‘What are you doing here, Badrick?’ asked Ezzie. ‘The last time we met, you were guardian to the bandoleer of the Dunitru clan in France.’
‘That,’ he replied, ‘was over two hundred years ago, Esmeralda. Much has happened since then among the Arniko Natsia.’ He gestured to the other gargoyles. ‘We no longer have charges to protect. Now, we are in the service of the new order of Sobrasi, established many years after the Sundering.’
‘That doesn’t answer the question,’ I said.
He peered down at me. ‘The Sobrasi have come to initiate a new member, and we are here to collect the gargoyle. We will return with him to Europe, and under the guidance of the Sobrasi, he will be retrained and made fit for more suitable service.’

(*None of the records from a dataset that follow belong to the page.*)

lemma freud_integral_add: "freud_integral (p + q) = freud_integral p + freud_integral q"
  unfolding freud_integral_def by (simp add: distrib_right integrable_poly_freud_weight)

lemma freud_integral_smult: "freud_integral (smult c p) = c * freud_integral p"
  unfolding freud_integral_def by (simp add: mult.assoc)

lemma freud_integral_pos:
  assumes nonneg: "\<And>x. 0 \<le> poly p x" and "p \<noteq> 0"
  shows "0 < freud_integral p"
proof -
  have "freud_integral p \<noteq> 0"
  proof
    assume "freud_integral p = 0"
    then have "AE x in lborel. poly p x * exp (- (x ^ 4)) = 0"
      using integral_nonneg_eq_0_iff_AE[OF integrable_poly_freud_weight] nonneg
      unfolding freud_integral_def by simp
    then have "AE x in lborel. x \<in> {x. poly p x = 0}"
      by simp
    moreover have "AE x in lborel. x \<notin> {x. poly p x = 0}"
      using poly_roots_finite[OF \<open>p \<noteq> 0\<close>] by (intro AE_discrete_difference countable_finite) auto
    ultimately have "AE x in (lborel :: real measure). False"
      by eventually_elim simp
    then show False
      by (simp add: eventually_False ae_filter_eq_bot_iff)
  qed
  moreover have "0 \<le> freud_integral p"
    unfolding freud_integral_def by (intro integral_nonneg_AE AE_I2) (simp add: nonneg)
  ultimately show ?thesis
    by simp
qed

lemma freud_integral_reflect: "freud_integral (pcompose p [:0, -1:]) = freud_integral p"
  using lborel_integral_real_affine[of "-1" "\<lambda>x. poly p x * exp (- (x ^ 4))" 0]
  unfolding freud_integral_def by (simp add: poly_pcompose)

section \<open>Symmetric positive functionals\<close>

locale symmetric_positive_functional =
  fixes F :: "real poly \<Rightarrow> real"
  assumes F_add: "F (p + q) = F p + F q"
    and F_smult: "F (smult c p) = c * F p"
    and F_pos: "(\<And>x. 0 \<le> poly p x) \<Longrightarrow> p \<noteq> 0 \<Longrightarrow> 0 < F p"
    and F_reflect: "F (pcompose p [:0, -1:]) = F p"
begin

lemma F_zero: "F 0 = 0"
  using F_smult[of 0 0] by simp

lemma F_diff: "F (p - q) = F p - F q"
  using F_add[of p "-q"] F_smult[of "-1" q] by simp

lemma F_sum: "F (\<Sum>i\<in>S. f i) = (\<Sum>i\<in>S. F (f i))"
  by (induction S rule: infinite_finite_induct) (auto simp: F_zero F_add)

lemma F_neg: "(\<And>x. poly p x \<le> 0) \<Longrightarrow> p \<noteq> 0 \<Longrightarrow> F p < 0"
  using F_pos[of "-p"] F_smult[of "-1" p] by simp

lemma F_square_pos: "p \<noteq> 0 \<Longrightarrow> 0 < F (p * p)"
  by (rule F_pos) auto

definition monic_orth :: "nat \<Rightarrow> real poly \<Rightarrow> bool" where
  "monic_orth n A \<longleftrightarrow> degree A = n \<and> lead_coeff A = 1 \<and> (\<forall>q. degree q < n \<longrightarrow> F (A * q) = 0)"

lemma monic_OPS_iff_monic_orth: "monic_OPS (\<lambda>p q. F (p * q)) P \<longleftrightarrow> (\<forall>n. monic_orth n (P n))"
  unfolding monic_OPS_def monic_orth_def by simp

lemma card_roots_if_monic_orth: "monic_orth n (roots_poly R) \<Longrightarrow> finite R \<Longrightarrow> card R = n"
  unfolding monic_orth_def by (simp add: degree_roots_poly)

lemma monic_orth_unique:
  assumes A: "monic_orth n A" and B: "monic_orth n B"
  shows "A = B"
proof (rule ccontr)
  assume "A \<noteq> B"
  with A B have "degree (A - B) < n"
    unfolding monic_orth_def by (blast intro: degree_diff_monic_less)
  with A B have "F (A * (A - B)) = 0" "F (B * (A - B)) = 0"
    unfolding monic_orth_def by blast+
  then have "F ((A - B) * (A - B)) = 0"
    by (simp add: left_diff_distrib F_diff)
  moreover have "0 < F ((A - B) * (A - B))"
    using \<open>A \<noteq> B\<close> by (simp add: F_square_pos)
  ultimately show False
    by simp
qed

text \<open>Multiplying A by the factors at its roots of odd multiplicity gives a polynomial of constant
  sign, so F does not vanish on it; by orthogonality there must be at least n such roots.\<close>
lemma monic_orth_eq_roots_poly:
  assumes A: "monic_orth n A"
  obtains R where "finite R" "card R = n" "A = roots_poly R"
proof -
  have "A \<noteq> 0"
    using A unfolding monic_orth_def by auto
  then obtain R where R: "finite R" "\<forall>r\<in>R. poly A r = 0"
     "(\<forall>x. 0 \<le> poly (A * roots_poly R) x) \<or> (\<forall>x. poly (A * roots_poly R) x \<le> 0)"
    using roots_poly_mult_sign_constant by metis
  have "A * roots_poly R \<noteq> 0"
    using \<open>A \<noteq> 0\<close> by simp
  with R(3) have "F (A * roots_poly R) \<noteq> 0"
    by (metis F_neg F_pos less_irrefl)
  have "n \<le> card R"
  proof (rule ccontr)
    assume "\<not> n \<le> card R"
    then have "degree (roots_poly R) < n"
      using R(1) by (simp add: degree_roots_poly)
    with A \<open>F (A * roots_poly R) \<noteq> 0\<close> show False
      unfolding monic_orth_def by blast
  qed
  obtain g where g: "A = roots_poly R * g"
    using roots_poly_dvd[OF R(1)] R(2) by (blast elim: dvdE)
  with \<open>A \<noteq> 0\<close> have "g \<noteq> 0"
    by auto
  then have "degree A = card R + degree g"
    unfolding g using R(1) by (simp add: degree_mult_eq degree_roots_poly)
  with A \<open>n \<le> card R\<close> have "card R = n" "degree g = 0"
    unfolding monic_orth_def by auto
  moreover obtain c where "g = [:c:]"
    using \<open>degree g = 0\<close> by (rule degree_eq_zeroE)
  moreover have "lead_coeff g = 1"
    using g A unfolding monic_orth_def by (simp add: lead_coeff_mult)
  ultimately have "g = 1"
    by (simp add: one_pCons)
  with that g R(1) \<open>card R = n\<close> show ?thesis
    by simp
qed

lemma monic_orth_reflect:
  assumes A: "monic_orth n A"
  shows "pcompose A [:0, -1:] = smult ((-1) ^ n) A"
proof -
  let ?r = "[:0, -1::real:]"
  let ?A' = "smult ((-1) ^ n) (pcompose A ?r)"
  have "pcompose ?r ?r = [:0, 1:]"
    by (simp add: pcompose_pCons mult_pCons_left)
  then have reflect_twice: "pcompose (pcompose q ?r) ?r = q" for q :: "real poly"
    by (simp add: pcompose_assoc[symmetric] pcompose_idR)
  have "monic_orth n ?A'"
    unfolding monic_orth_def
  proof (intro conjI allI impI)
    have "degree (pcompose A ?r) = n"
      using A unfolding monic_orth_def by (simp add: degree_pcompose)
    moreover have "lead_coeff (pcompose A ?r) = (-1) ^ n"
      using A unfolding monic_orth_def by (subst lead_coeff_comp) auto
    ultimately show "degree ?A' = n" "lead_coeff ?A' = 1"
      by (simp_all add: power_mult_distrib[symmetric])
    fix q :: "real poly"
    assume "degree q < n"
    have "?A' * q = smult ((-1) ^ n) (pcompose (A * pcompose q ?r) ?r)"
      by (simp add: pcompose_mult reflect_twice)
    then have "F (?A' * q) = (-1) ^ n * F (A * pcompose q ?r)"
      by (simp add: F_smult F_reflect)
    also have "F (A * pcompose q ?r) = 0"
      using A \<open>degree q < n\<close> unfolding monic_orth_def by (simp add: degree_pcompose)
    finally show "F (?A' * q) = 0"
      by simp
  qed
  then have "?A' = A"
    using A monic_orth_unique by blast
  then have "smult ((-1) ^ n) ?A' = smult ((-1) ^ n) A"
    by simp
  then show ?thesis
    by (simp add: power_mult_distrib[symmetric])
qed

lemma monic_orth_parity: "monic_orth n A \<Longrightarrow> poly A (-x) = (-1) ^ n * poly A x"
  using arg_cong[OF monic_orth_reflect, of n A "\<lambda>p. poly p x"] by (simp add: poly_pcompose)

lemma monic_orth_complex_roots:
  assumes "monic_orth n A" "poly (map_poly complex_of_real A) z = 0"
  shows "Im z = 0 \<and> order z (map_poly complex_of_real A) = 1"
proof -
  obtain R where R: "finite R" "A = roots_poly R"
    using monic_orth_eq_roots_poly[OF assms(1)] by blast
  then have complex_A: "map_poly complex_of_real A = roots_poly (complex_of_real ` R)"
    by (simp add: map_poly_of_real_roots_poly)
  with assms(2) R(1) have "z \<in> complex_of_real ` R"
    by (simp add: poly_roots_poly_eq_0_iff)
  with R(1) show ?thesis
    unfolding complex_A by (auto simp: order_roots_poly)
qed

definition gauss_weight :: "real set \<Rightarrow> real \<Rightarrow> real" where
  "gauss_weight R a = F (roots_poly (R - {a})) / poly (roots_poly (R - {a})) a"

lemma gauss_quadrature:
  assumes A: "monic_orth n (roots_poly R)" and fin: "finite R" and df: "degree f < 2 * n"
  shows "F f = (\<Sum>a\<in>R. poly f a * gauss_weight R a)"
proof -
  have card: "card R = n"
    using A fin by (rule card_roots_if_monic_orth)
  with df have "R \<noteq> {}"
    by auto
  define g where "g = f - lagrange_interp R (poly f)"
  have "roots_poly R dvd g"
    unfolding g_def using fin by (intro roots_poly_dvd) (simp_all add: poly_lagrange_interp)
  then obtain h where h: "g = roots_poly R * h"
    by (elim dvdE)
  have "F g = 0"
  proof (cases "h = 0")
    case False
    have "degree g < 2 * n"
      unfolding g_def using df degree_lagrange_interp[OF fin \<open>R \<noteq> {}\<close>, of "poly f"] card
      by (intro le_less_trans[OF degree_diff_le_max]) auto
    then have "degree h < n"
      using h False card fin by (simp add: degree_mult_eq degree_roots_poly)
    then show ?thesis
      using A h unfolding monic_orth_def by blast
  qed (simp add: h F_zero)
  then have "F f = F (lagrange_interp R (poly f))"
    unfolding g_def by (simp add: F_diff)
  also have "\<dots> = (\<Sum>a\<in>R. poly f a * gauss_weight R a)"
    unfolding lagrange_interp_def gauss_weight_def by (simp add: F_sum F_smult)
  finally show ?thesis .
qed

text \<open>Apply the quadrature to the square of the polynomial vanishing exactly on R - {a}.\<close>
lemma gauss_weight_pos:
  assumes A: "monic_orth n (roots_poly R)" and fin: "finite R" and a: "a \<in> R"
  shows "0 < gauss_weight R a"
proof -
  let ?q = "roots_poly (R - {a})"
  have "card R = n"
    using A fin by (rule card_roots_if_monic_orth)
  moreover have "0 < card R"
    using fin a card_gt_0_iff by blast
  ultimately have "degree (?q * ?q) < 2 * n"
    using fin a by (simp add: degree_mult_eq degree_roots_poly)
  then have "F (?q * ?q) = (\<Sum>b\<in>R. poly (?q * ?q) b * gauss_weight R b)"
    by (rule gauss_quadrature[OF A fin])
  also have "\<dots> = poly (?q * ?q) a * gauss_weight R a"
    using fin a by (intro sum.remove[THEN trans]) (auto intro!: sum.neutral simp: poly_roots_poly_eq_0_iff)
  finally have "0 < (poly ?q a)\<^sup>2 * gauss_weight R a"
    using F_square_pos[of ?q] by (simp add: power2_eq_square)
  then show ?thesis
    by (simp add: zero_less_mult_iff)
qed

Hugo bristled beside me. ‘Yeah, that’s not going to happen.’
At once, the gargoyles’ demeanors changed, like a shift in the wind. Their wings lifted off their backs, and their bodies tensed. I stepped in front of Hugo with my hands in the air. I felt the heat of his emotions like I was standing next to a bonfire. But we couldn’t be emotional now. These gargoyles were our best chance at finding Sebastian.
‘Look,’ I said. ‘It doesn’t matter at this point what you’re supposed to do with him, because he’s gone.’

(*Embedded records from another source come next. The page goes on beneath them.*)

text \<open>Exploring nodes lie on distinct levels and each waits for its successor, so the active
  node cannot send to another exploring node.\<close>
lemma active_target_not_exploring:
  assumes I: "wave_inv c j" and eu: "st (loc c u) = EXPLORE" and wu: "wait (loc c u) = None"
    and vt: "v \<in> todo (loc c u)"
  shows "st (loc c v) \<noteq> EXPLORE"
proof
  assume ev: "st (loc c v) = EXPLORE"
  have uv: "(u, v) \<in> E" using inv_exploring[OF I eu] vt by (auto simp: nbrs_def)
  consider "level v = level u" | "level v = Suc (level u)" | "level u = Suc (level v)"
    using level_edge[OF uv] level_edge'[OF uv] by linarith
  then show False
  proof cases
    case 1
    then show False using inv_exploring_level_inj[OF I eu ev] edge_neq[OF uv] by simp
  next
    case 2
    then have "v \<noteq> r" by auto
    then obtain q where q: "par (loc c v) = Some q" "st (loc c q) = EXPLORE" "wait (loc c q) = Some v"
      and "Suc (level q) = level v"
      using inv_exploring_parent_waits[OF I] inv_parent_level[OF I] ev by fastforce
    then have "q = u" using inv_exploring_level_inj[OF I q(2) eu] 2 by simp
    then show False using q wu by simp
  next
    case 3
    then have "u \<noteq> r" by auto
    then obtain p where p: "par (loc c u) = Some p" "st (loc c p) = EXPLORE"
      and "Suc (level p) = level u"
      using inv_exploring_parent_waits[OF I] inv_parent_level[OF I] eu by fastforce
    then have "p = v" using inv_exploring_level_inj[OF I p(2) ev] 3 by simp
    then show False using p inv_exploring[OF I eu] vt by auto
  qed
qed

lemma awaited_child_level_unique:
  assumes I: "wave_inv c j" and ev: "st (loc c v) = EXPLORE" and wv: "wait (loc c v) = Some u"
    and du: "level u = Suc (level v)" and y: "y \<noteq> u" "st (loc c y) = EXPLORE"
  shows "level y \<noteq> level u"
proof
  assume same: "level y = level u"
  then have "y \<noteq> r" using du by auto
  then obtain q where q: "par (loc c y) = Some q" "st (loc c q) = EXPLORE" "wait (loc c q) = Some y"
    and "Suc (level q) = level y"
    using inv_exploring_parent_waits[OF I] inv_parent_level[OF I] y(2) by fastforce
  then have "q = v" using inv_exploring_level_inj[OF I q(2) ev] same du by simp
  then show False using q wv y by simp
qed

lemma wave_inv_set_parent:
  assumes I: "wave_inv c j" and s: "step n E r c (SetParent v u) c'"
  shows "wave_inv c' j"
proof -
  from s have m: "(v,u) \<in># msgs c" and iu: "st (loc c u) = INIT"
    and c': "c' = \<lparr> loc = (loc c)(u := \<lparr>st = IDLE, par = Some v, chl = nbrs E u - {v}, cnt = 0,
                              todo = {}, wait = None, dummy = False\<rparr>),
         msgs = msgs c - {#(v, u)#} + {#(u, v)#} \<rparr>"
    by (cases rule: step.cases; simp)+
  have msgs_c: "msgs c = {#(v, u)#}" and ev: "st (loc c v) = EXPLORE"
    and wv: "wait (loc c v) = Some u" and evu: "(v, u) \<in> E"
    using delivered_request[OF I m] iu by auto
  have ur: "u \<noteq> r" using inv_root_phase[OF I] iu by auto
  have root_phase: "st (loc c r) = EXPLORE \<and> Suc j = cnt (loc c r) \<and> cnt (loc c r) \<le> n - 1"
    using root_exploring[OF I ev] .
  have uV: "u \<in> V" "v \<in> V" using edge_in_V evu by auto
  have du: "level u = Suc (level v)" "level u = cnt (loc c r)"
    using request_to_INIT_level[OF I m iu] .
  have msgs': "msgs c' = {#(u,v)#}" using c' msgs_c by simp
  have loc_root: "loc c' r = loc c r" using c' ur by simp
  have loc_other: "\<And>x. x \<noteq> u \<Longrightarrow> loc c' x = loc c x" using c' by simp
  have loc_u: "loc c' u = \<lparr>st = IDLE, par = Some v, chl = nbrs E u - {v}, cnt = 0,
                              todo = {}, wait = None, dummy = False\<rparr>" using c' by simp
  have vu: "v \<noteq> u" using edge_neq evu .
  have behind_iff: "\<And>x. behind c' x \<longleftrightarrow> behind c x \<and> x \<noteq> u"
  proof -
    fix x show "behind c' x \<longleftrightarrow> behind c x \<and> x \<noteq> u"
      
        by (cases "x = u")
        (use loc_u loc_root du iu loc_other in \<open>simp_all add: behind_def\<close>)
  qed
  have synced_iff: "\<And>x. synced c' x \<longleftrightarrow> (synced c x \<or> x = u)"
  proof -
    fix x show "synced c' x \<longleftrightarrow> (synced c x \<or> x = u)"
      
        by (cases "x = u")
        (use loc_u loc_root du iu loc_other in \<open>simp_all add: synced_def\<close>)
  qed
  have child_iff: "\<And>x w. tree_child c' x w \<longleftrightarrow> (tree_child c x w \<or> (w = u \<and> x = v))"
  proof -
    fix x w show "tree_child c' x w \<longleftrightarrow> (tree_child c x w \<or> (w = u \<and> x = v))"
      by (cases "w = u") (use loc_u iu loc_other in \<open>auto simp add: tree_child_def\<close>)
  qed
  have no_active: "\<And>x. st (loc c x) = EXPLORE \<Longrightarrow> wait (loc c x) = None \<Longrightarrow> False"
    using inv_active_no_msgs[OF I] msgs_c by auto
  have st_upd: "\<And>x. st (loc c' x) = (if x = u then IDLE else st (loc c x))"
    using loc_other loc_u by simp
  show ?thesis
    unfolding wave_inv_def
    apply (intro conjI)
    subgoal using loc_root inv_root_no_parent[OF I] by simp
    subgoal using loc_root root_phase by simp
    subgoal using inv_reached_in_V[OF I] uV st_upd by (metis)
    subgoal apply (intro allI impI) subgoal for x
      by (cases "x = u")
      (use inv_parent_level[OF I] edge_sym[OF evu] du loc_other loc_u in auto) done
    subgoal using inv_low_levels_reached[OF I] st_upd by (metis nstate.distinct(1))
    subgoal using inv_high_levels_INIT[OF I] du loc_root st_upd by (metis less_irrefl)
    subgoal using inv_no_DONE[OF I] st_upd by (metis nstate.distinct(10))
    subgoal apply (intro allI) subgoal for x
      by (cases "x = u") (use inv_chl_nbrs[OF I] loc_other loc_u in auto) done
    subgoal apply (intro allI) subgoal for x
      by (cases "x = u")
      (use inv_reached_status[OF I, of x] behind_iff[of x] synced_iff[of x] loc_other[of x] in auto)
      done
    subgoal apply (intro allI) subgoal for x
      using inv_exploring[OF I, of x] loc_other[of x] loc_u loc_root by (cases "x = u") auto done
    subgoal apply (intro allI impI) subgoal for x w
      using inv_exploring_children[OF I, of x w] inv_exploring[OF I ev] child_iff[of x w]
        behind_iff[of w] synced_iff[of w] loc_other[of x] loc_u iu wv
      by (cases "x = u") (auto simp: tree_child_def) done
    subgoal apply (intro allI impI) subgoal for x w
      using inv_exploring_visited_reached[OF I, of x w] loc_other[of x] loc_other[of w] loc_u
      by (cases "x = u"; cases "w = u") auto done
    subgoal apply (intro allI impI) subgoal for x w
      using inv_behind_child[OF I, of x w] behind_iff[of x] behind_iff[of w] child_iff[of x w]
        ev iu
      by (auto simp: tree_child_def behind_def) done
    subgoal apply (intro allI impI) subgoal for x w
      using inv_synced_child[OF I, of x w] synced_iff[of x] synced_iff[of w] child_iff[of x w]
        frontier_childless[OF I du(2), of w] vu ev
      by (auto simp: tree_child_def synced_def) done
    subgoal apply (intro allI impI) subgoal for x w
      using inv_synced_nbr_reached[OF I, of x w] synced_iff[of x] st_upd[of w] du loc_root
      by auto done
    subgoal apply (intro allI impI) subgoal premises prems for x
    proof -
      have xu: "x \<noteq> u" using prems(2) loc_u by auto
      obtain p where p: "par (loc c x) = Some p \<and> st (loc c p) = EXPLORE \<and> wait (loc c p) = Some x"
        using inv_exploring_parent_waits[OF I, of x] prems loc_other[OF xu] by auto
      moreover have "p \<noteq> u" using p iu by auto
      ultimately show ?thesis using loc_other xu by auto
    qed done
    subgoal apply (intro allI impI) subgoal for x w
      using inv_exploring_level_inj[OF I, of x w] st_upd[of x] st_upd[of w]
      by (auto split: if_splits) done
    subgoal apply (intro allI impI) subgoal for x
      using no_active[of x] loc_other[of x] loc_u by (cases "x = u") auto done
    subgoal apply (intro allI impI) subgoal for x w
      using no_active[of x] loc_other[of x] loc_u by (cases "x = u") auto done
    subgoal
    proof -
      have "reply_msg c' u v"
        using loc_other[OF vu] loc_u ev wv synced_iff[of u] by (auto simp: reply_msg_def)
      then show ?thesis using msgs' by blast
    qed
    done
qed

‘Gone?’ questioned Tamzen, the tall female gargoyle.
‘He broke out of the dungeon, and we don’t know where he is. Augustine has promised the Queen that he’s going to destroy all the shadowen throughout our kumpania, and we have to find Sebastian before that happens.’
‘We are aware of their agreement,’ said Tamzen, her lip curling. ‘And we have pledged to assist in any way we can to eradicate the evil creatures.’

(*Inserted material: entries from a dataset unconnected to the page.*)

theorem corollary3p8:
  fixes \<Gamma> :: "real set" and \<beta> :: real
    and T :: "real \<Rightarrow> 'a::{real_inner, complete_space} \<Rightarrow> 'a"
    and Q :: "real \<Rightarrow> real \<Rightarrow> 'a \<Rightarrow> 'a" and Lc :: "real \<Rightarrow> real \<Rightarrow> real"
    and gam :: "nat \<Rightarrow> real" and gstar :: real and x :: "nat \<Rightarrow> 'a"
  assumes Gamma_pos: "\<Gamma> \<subseteq> {0<..}" and Gamma_ne: "\<Gamma> \<noteq> {}"
    and beta: "0 \<le> \<beta>" "\<beta> < 1"
    and contr: "\<forall>g\<in>\<Gamma>. contraction_with \<beta> (T g)"
    and fix_ne: "\<forall>g\<in>\<Gamma>. fixset (T g) \<noteq> {}"
    and reloc: "fixed_point_relocators \<Gamma> T Q Lc"
    and cond1: "\<forall>S. bounded S \<and> S \<subseteq> (\<Union>g\<in>\<Gamma>. fixset (T g) \<times> {g}) \<longrightarrow>
                  (\<exists>L>0. \<forall>d\<in>\<Gamma>. \<forall>(y, g)\<in>S. norm (Q d g y - Q g g y) \<le> L * \<bar>d - g\<bar>)"
    and cond2: "continuous_on (UNIV \<times> \<Gamma>) (\<lambda>(y, g). T g y)"
    and gam_in: "\<forall>n. gam n \<in> \<Gamma>" and gstar_in: "gstar \<in> \<Gamma>"
    and gam_conv: "R_linear_conv gam gstar"
    and Lsum: "summable (\<lambda>n. Lc (gam (Suc n)) (gam n) - 1)"
    and x_rec: "\<forall>n. x (Suc n) = Q (gam (Suc n)) (gam n) (T (gam n) (x n))"
  shows "R_linear_conv (\<lambda>n. infdist (x n) (fixset (T (gam n)))) 0 \<and>
         (\<exists>p\<in>fixset (T gstar). R_linear_conv x p \<and> R_linear_conv (\<lambda>n. T (gam n) (x n)) p)"
proof -
  have "\<forall>g\<in>\<Gamma>. \<exists>q. fixset (T g) = {q}"
    using contraction_with_fixset_singleton contr fix_ne by metis
  then obtain p where p: "\<And>g. g \<in> \<Gamma> \<Longrightarrow> fixset (T g) = {p g}"
    by metis
  have dist_conv: "R_linear_conv (\<lambda>n. norm (x n - p (gam n))) 0"
    using relocated_iteration_dist_R_linear[OF reloc beta contr p gam_in Lsum x_rec] .
  obtain L where L: "0 < L" "\<And>d. d \<in> \<Gamma> \<Longrightarrow> norm (p d - p gstar) \<le> L * \<bar>d - gstar\<bar>"
    using unique_fixpoint_lipschitz_at[OF reloc cond1 p gstar_in] by blast
  have p_conv: "R_linear_conv (\<lambda>n. norm (p (gam n) - p gstar)) 0"
    using L gam_in by (intro R_linear_conv_dominated[OF gam_conv, of L]) auto
  have Tx_dist: "norm (T (gam n) (x n) - p (gam n)) \<le> norm (x n - p (gam n))" for n
    using contraction_with_fixpoint_dist[of \<beta> "T (gam n)" "p (gam n)" "x n"] contr gam_in p beta
      mult_left_le_one_le[of "norm (x n - p (gam n))" \<beta>]
    by (force simp: fixset_def)
  have "R_linear_conv x (p gstar)"
    by (rule R_linear_conv_sum_bound[OF dist_conv p_conv],
        rule norm_diff_triangle_le[OF order_refl order_refl])
  moreover have "R_linear_conv (\<lambda>n. T (gam n) (x n)) (p gstar)"
    by (rule R_linear_conv_sum_bound[OF dist_conv p_conv],
        rule norm_diff_triangle_le[OF Tx_dist order_refl])
  moreover have "infdist (x n) (fixset (T (gam n))) = norm (x n - p (gam n))" for n
    using p gam_in by (simp add: dist_norm)
  ultimately show ?thesis
    using dist_conv p gstar_in by auto
qed

end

‘All the shadowen,’ I said, frowning. ‘That includes you.’
‘We are under the Sobrasi’s protection,’ said Badrick. ‘We do not fall into the same ranking as those scum.’
‘Neither does Sebastian.’
‘We cannot help you,’ he said. ‘We are bound to the wishes of the Sobrasi.’
‘You aren’t servants,’ I countered. ‘You’re guardians.’
Badrick’s lip curled, revealing a row of sharp teeth. ‘That was a long time ago. Things are different. And when your charges have power to turn you to stone, it becomes difficult to remain on any equal footing.’
‘Isn’t there some way you can break free?’
Tamzen folded her arms over her chest. ‘We cannot break the seal. It binds us until death, and we do not kill Roma. It is against the morals of our very existence and the reason God chose to make the gargoyle the protector of Gypsy kind.’
I looked from one gargoyle to the next. Their faces reminded me so much of Sebastian – quietly resigned. The faces of those who have been beaten down, who’ve forgotten their own strength. Almost without realizing it, I’d reached out and touched Tamzen’s arm gently.
‘The Sobrasi have turned into something they were never meant to be. They were supposed to oversee the shadow world, but they’ve used it for their own power. If you help us, I swear I’ll do everything I can to change all of this.’
She blinked slowly at me with her strange, inhuman eyes. The others watched her warily. ‘Why are you so concerned with this gargoyle?’ she asked.
I stared back at her. ‘He’s my guardian.’
Badrick scoffed. ‘If he were, he would’ve found a way to your side, no matter what obstacles he faced. You tell us that he has escaped, and yet, you are here and he is not. A guardian would be able to track his charge.’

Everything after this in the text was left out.